**RECORDS FOR THE TASK**
lemma s_brave_iff_consistent_subset_entails:
  assumes "finite D"
  shows "s_brave \<Pi> D Q tB tE \<longleftrightarrow> (\<exists>D'. D' \<subseteq> D \<and> consistent \<Pi> D' \<and> entails \<Pi> D' Q tB tE)"
proof
  assume "s_brave \<Pi> D Q tB tE"
  then obtain R where "s_repair \<Pi> D R" and "entails \<Pi> R Q tB tE"
    unfolding s_brave_def by blast
  moreover from \<open>s_repair \<Pi> D R\<close> have "R \<subseteq> D" and "consistent \<Pi> R"
    unfolding s_repair_def by simp_all
  ultimately show "\<exists>D'. D' \<subseteq> D \<and> consistent \<Pi> D' \<and> entails \<Pi> D' Q tB tE"
    by blast
next
  assume "\<exists>D'. D' \<subseteq> D \<and> consistent \<Pi> D' \<and> entails \<Pi> D' Q tB tE"
  then obtain D' where "D' \<subseteq> D" and "consistent \<Pi> D'" and "entails \<Pi> D' Q tB tE"
    by blast
  obtain R where "D' \<subseteq> R" and "s_repair \<Pi> D R"
    using s_repair_extends[OF assms \<open>D' \<subseteq> D\<close> \<open>consistent \<Pi> D'\<close>] .
  moreover from \<open>D' \<subseteq> R\<close> have "entails \<Pi> R Q tB tE"
    using \<open>entails \<Pi> D' Q tB tE\<close> by (rule entails_mono)
  ultimately show "s_brave \<Pi> D Q tB tE"
    unfolding s_brave_def by blast
qed

lemma model_prog_prog_Q:
  "model_prog M (prog_Q \<Pi> Q B E Q') \<longleftrightarrow>
     model_prog M \<Pi> \<and>
     (\<forall>t. holds M t (BUntil (0, None) (BAtom Q) (BAtom E)) \<longrightarrow> M Q' t) \<and>
     (\<forall>t. \<not> (M B t \<and> M Q' t))"
  unfolding model_prog_def prog_Q_def model_rule_def by auto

**BRIEF**
Look at the entries above. Then set all of them down again exactly.

**TASK OUTPUT**
lemma s_brave_iff_consistent_subset_entails:
  assumes "finite D"
  shows "s_brave \<Pi> D Q tB tE \<longleftrightarrow> (\<exists>D'. D' \<subseteq> D \<and> consistent \<Pi> D' \<and> entails \<Pi> D' Q tB tE)"
proof
  assume "s_brave \<Pi> D Q tB tE"
  then obtain R where "s_repair \<Pi> D R" and "entails \<Pi> R Q tB tE"
    unfolding s_brave_def by blast
  moreover from \<open>s_repair \<Pi> D R\<close> have "R \<subseteq> D" and "consistent \<Pi> R"
    unfolding s_repair_def by simp_all
  ultimately show "\<exists>D'. D' \<subseteq> D \<and> consistent \<Pi> D' \<and> entails \<Pi> D' Q tB tE"
    by blast
next
  assume "\<exists>D'. D' \<subseteq> D \<and> consistent \<Pi> D' \<and> entails \<Pi> D' Q tB tE"
  then obtain D' where "D' \<subseteq> D" and "consistent \<Pi> D'" and "entails \<Pi> D' Q tB tE"
    by blast
  obtain R where "D' \<subseteq> R" and "s_repair \<Pi> D R"
    using s_repair_extends[OF assms \<open>D' \<subseteq> D\<close> \<open>consistent \<Pi> D'\<close>] .
  moreover from \<open>D' \<subseteq> R\<close> have "entails \<Pi> R Q tB tE"
    using \<open>entails \<Pi> D' Q tB tE\<close> by (rule entails_mono)
  ultimately show "s_brave \<Pi> D Q tB tE"
    unfolding s_brave_def by blast
qed

lemma model_prog_prog_Q:
  "model_prog M (prog_Q \<Pi> Q B E Q') \<longleftrightarrow>
     model_prog M \<Pi> \<and>
     (\<forall>t. holds M t (BUntil (0, None) (BAtom Q) (BAtom E)) \<longrightarrow> M Q' t) \<and>
     (\<forall>t. \<not> (M B t \<and> M Q' t))"
  unfolding model_prog_def prog_Q_def model_rule_def by auto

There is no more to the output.